ABOUT THIS EXERCISE: What is needed here is an exact copy of every entry.

Collected data entries:
lemma FV_bounds:
  assumes "a3 \<le> a2" "a2 \<le> a1" "a1 + a2 + a3 = 1" "V \<ge> 1" "\<eta> \<ge> 0"
  shows "sqrt 2 / (3 * pi\<^sup>2) * (sqrt \<eta> - pi * sqrt (3 / 2) * V powr (- a3)) ^ 3 < FV a1 a2 a3 V \<eta>"
    and "FV a1 a2 a3 V \<eta> < sqrt 2 / (3 * pi\<^sup>2) * (\<eta> + E1 a1 a2 a3 V) powr (3 / 2)"
proof -
  define h1 where "h1 = lattice_spacing a1 V"
  define h2 where "h2 = lattice_spacing a2 V"
  define h3 where "h3 = lattice_spacing a3 V"
  define R where "R = sqrt (\<eta> + E1 a1 a2 a3 V)"
  define N where "N = 8 * (h1 * h2 * h3) * card (lattice_ball h1 h2 h3 R) / (4 / 3 * pi)"
  have h: "h1 > 0" "h2 > 0" "h3 > 0"
    using assms(4) by (simp_all add: h1_def h2_def h3_def lattice_spacing_pos)
  have E1: "E1 a1 a2 a3 V = (norm (h1, h2, h3))\<^sup>2"
    by (simp add: E1_eq_norm_lattice_spacing h1_def h2_def h3_def)
  have FV: "FV a1 a2 a3 V \<eta> = sqrt 2 / (3 * pi\<^sup>2) * N"
    using FV_eq_lattice_ball_volume[of V a1 a2 a3 \<eta>] assms(3,4)
    by (simp add: N_def h1_def h2_def h3_def R_def)
  have "sqrt \<eta> < R"
    using h by (simp add: R_def E1 zero_prod_def)
  moreover have "norm (h1, h2, h3) \<le> pi * sqrt (3 / 2) * V powr (- a3)"
    using norm_lattice_spacing_le[OF assms(4,1,2)] by (simp add: h1_def h2_def h3_def)
  ultimately have "(sqrt \<eta> - pi * sqrt (3 / 2) * V powr (- a3)) ^ 3 < (R - norm (h1, h2, h3)) ^ 3"
    by (intro power3_strict_mono) linarith
  also have "\<dots> \<le> N"
    using card_lattice_ball_lower[OF h, of R] by (simp add: N_def field_simps)
  finally show "sqrt 2 / (3 * pi\<^sup>2) * (sqrt \<eta> - pi * sqrt (3 / 2) * V powr (- a3)) ^ 3
      < FV a1 a2 a3 V \<eta>"
    unfolding FV by (intro mult_strict_left_mono) simp_all
  have "0 < R"
    using h assms(5) by (simp add: R_def E1 zero_prod_def add_nonneg_pos)
  then have "N < R ^ 3"
    using card_lattice_ball_upper[OF h] by (simp add: N_def field_simps)
  also have "R ^ 3 = (\<eta> + E1 a1 a2 a3 V) powr (3 / 2)"
    using assms(5) by (simp add: R_def E1 sqrt_power3_eq_powr)
  finally show "FV a1 a2 a3 V \<eta> < sqrt 2 / (3 * pi\<^sup>2) * (\<eta> + E1 a1 a2 a3 V) powr (3 / 2)"
    unfolding FV by (intro mult_strict_left_mono) simp_all
qed

theorem lemma3p4:
  fixes a1 a2 a3 :: real
  assumes "a1 \<ge> a2" "a2 \<ge> a3" "a3 > 0" "a1 + a2 + a3 = 1"
  shows "\<exists>C::real. \<forall>V::real. \<forall>\<eta>::real. V \<ge> 1 \<and> \<eta> \<ge> 0 \<longrightarrow>
    sqrt 2 / (3 * pi\<^sup>2) * (sqrt \<eta> - C * V powr (- a3)) ^ 3 < FV a1 a2 a3 V \<eta> \<and>
    FV a1 a2 a3 V \<eta> < sqrt 2 / (3 * pi\<^sup>2) * (\<eta> + E1 a1 a2 a3 V) powr (3 / 2)"
  using FV_bounds[OF assms(2,1,4)] by (intro exI[of _ "pi * sqrt (3 / 2)"]) blast

end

RESPONSE TO THIS TASK:
lemma FV_bounds:
  assumes "a3 \<le> a2" "a2 \<le> a1" "a1 + a2 + a3 = 1" "V \<ge> 1" "\<eta> \<ge> 0"
  shows "sqrt 2 / (3 * pi\<^sup>2) * (sqrt \<eta> - pi * sqrt (3 / 2) * V powr (- a3)) ^ 3 < FV a1 a2 a3 V \<eta>"
    and "FV a1 a2 a3 V \<eta> < sqrt 2 / (3 * pi\<^sup>2) * (\<eta> + E1 a1 a2 a3 V) powr (3 / 2)"
proof -
  define h1 where "h1 = lattice_spacing a1 V"
  define h2 where "h2 = lattice_spacing a2 V"
  define h3 where "h3 = lattice_spacing a3 V"
  define R where "R = sqrt (\<eta> + E1 a1 a2 a3 V)"
  define N where "N = 8 * (h1 * h2 * h3) * card (lattice_ball h1 h2 h3 R) / (4 / 3 * pi)"
  have h: "h1 > 0" "h2 > 0" "h3 > 0"
    using assms(4) by (simp_all add: h1_def h2_def h3_def lattice_spacing_pos)
  have E1: "E1 a1 a2 a3 V = (norm (h1, h2, h3))\<^sup>2"
    by (simp add: E1_eq_norm_lattice_spacing h1_def h2_def h3_def)
  have FV: "FV a1 a2 a3 V \<eta> = sqrt 2 / (3 * pi\<^sup>2) * N"
    using FV_eq_lattice_ball_volume[of V a1 a2 a3 \<eta>] assms(3,4)
    by (simp add: N_def h1_def h2_def h3_def R_def)
  have "sqrt \<eta> < R"
    using h by (simp add: R_def E1 zero_prod_def)
  moreover have "norm (h1, h2, h3) \<le> pi * sqrt (3 / 2) * V powr (- a3)"
    using norm_lattice_spacing_le[OF assms(4,1,2)] by (simp add: h1_def h2_def h3_def)
  ultimately have "(sqrt \<eta> - pi * sqrt (3 / 2) * V powr (- a3)) ^ 3 < (R - norm (h1, h2, h3)) ^ 3"
    by (intro power3_strict_mono) linarith
  also have "\<dots> \<le> N"
    using card_lattice_ball_lower[OF h, of R] by (simp add: N_def field_simps)
  finally show "sqrt 2 / (3 * pi\<^sup>2) * (sqrt \<eta> - pi * sqrt (3 / 2) * V powr (- a3)) ^ 3
      < FV a1 a2 a3 V \<eta>"
    unfolding FV by (intro mult_strict_left_mono) simp_all
  have "0 < R"
    using h assms(5) by (simp add: R_def E1 zero_prod_def add_nonneg_pos)
  then have "N < R ^ 3"
    using card_lattice_ball_upper[OF h] by (simp add: N_def field_simps)
  also have "R ^ 3 = (\<eta> + E1 a1 a2 a3 V) powr (3 / 2)"
    using assms(5) by (simp add: R_def E1 sqrt_power3_eq_powr)
  finally show "FV a1 a2 a3 V \<eta> < sqrt 2 / (3 * pi\<^sup>2) * (\<eta> + E1 a1 a2 a3 V) powr (3 / 2)"
    unfolding FV by (intro mult_strict_left_mono) simp_all
qed

theorem lemma3p4:
  fixes a1 a2 a3 :: real
  assumes "a1 \<ge> a2" "a2 \<ge> a3" "a3 > 0" "a1 + a2 + a3 = 1"
  shows "\<exists>C::real. \<forall>V::real. \<forall>\<eta>::real. V \<ge> 1 \<and> \<eta> \<ge> 0 \<longrightarrow>
    sqrt 2 / (3 * pi\<^sup>2) * (sqrt \<eta> - C * V powr (- a3)) ^ 3 < FV a1 a2 a3 V \<eta> \<and>
    FV a1 a2 a3 V \<eta> < sqrt 2 / (3 * pi\<^sup>2) * (\<eta> + E1 a1 a2 a3 V) powr (3 / 2)"
  using FV_bounds[OF assms(2,1,4)] by (intro exI[of _ "pi * sqrt (3 / 2)"]) blast

end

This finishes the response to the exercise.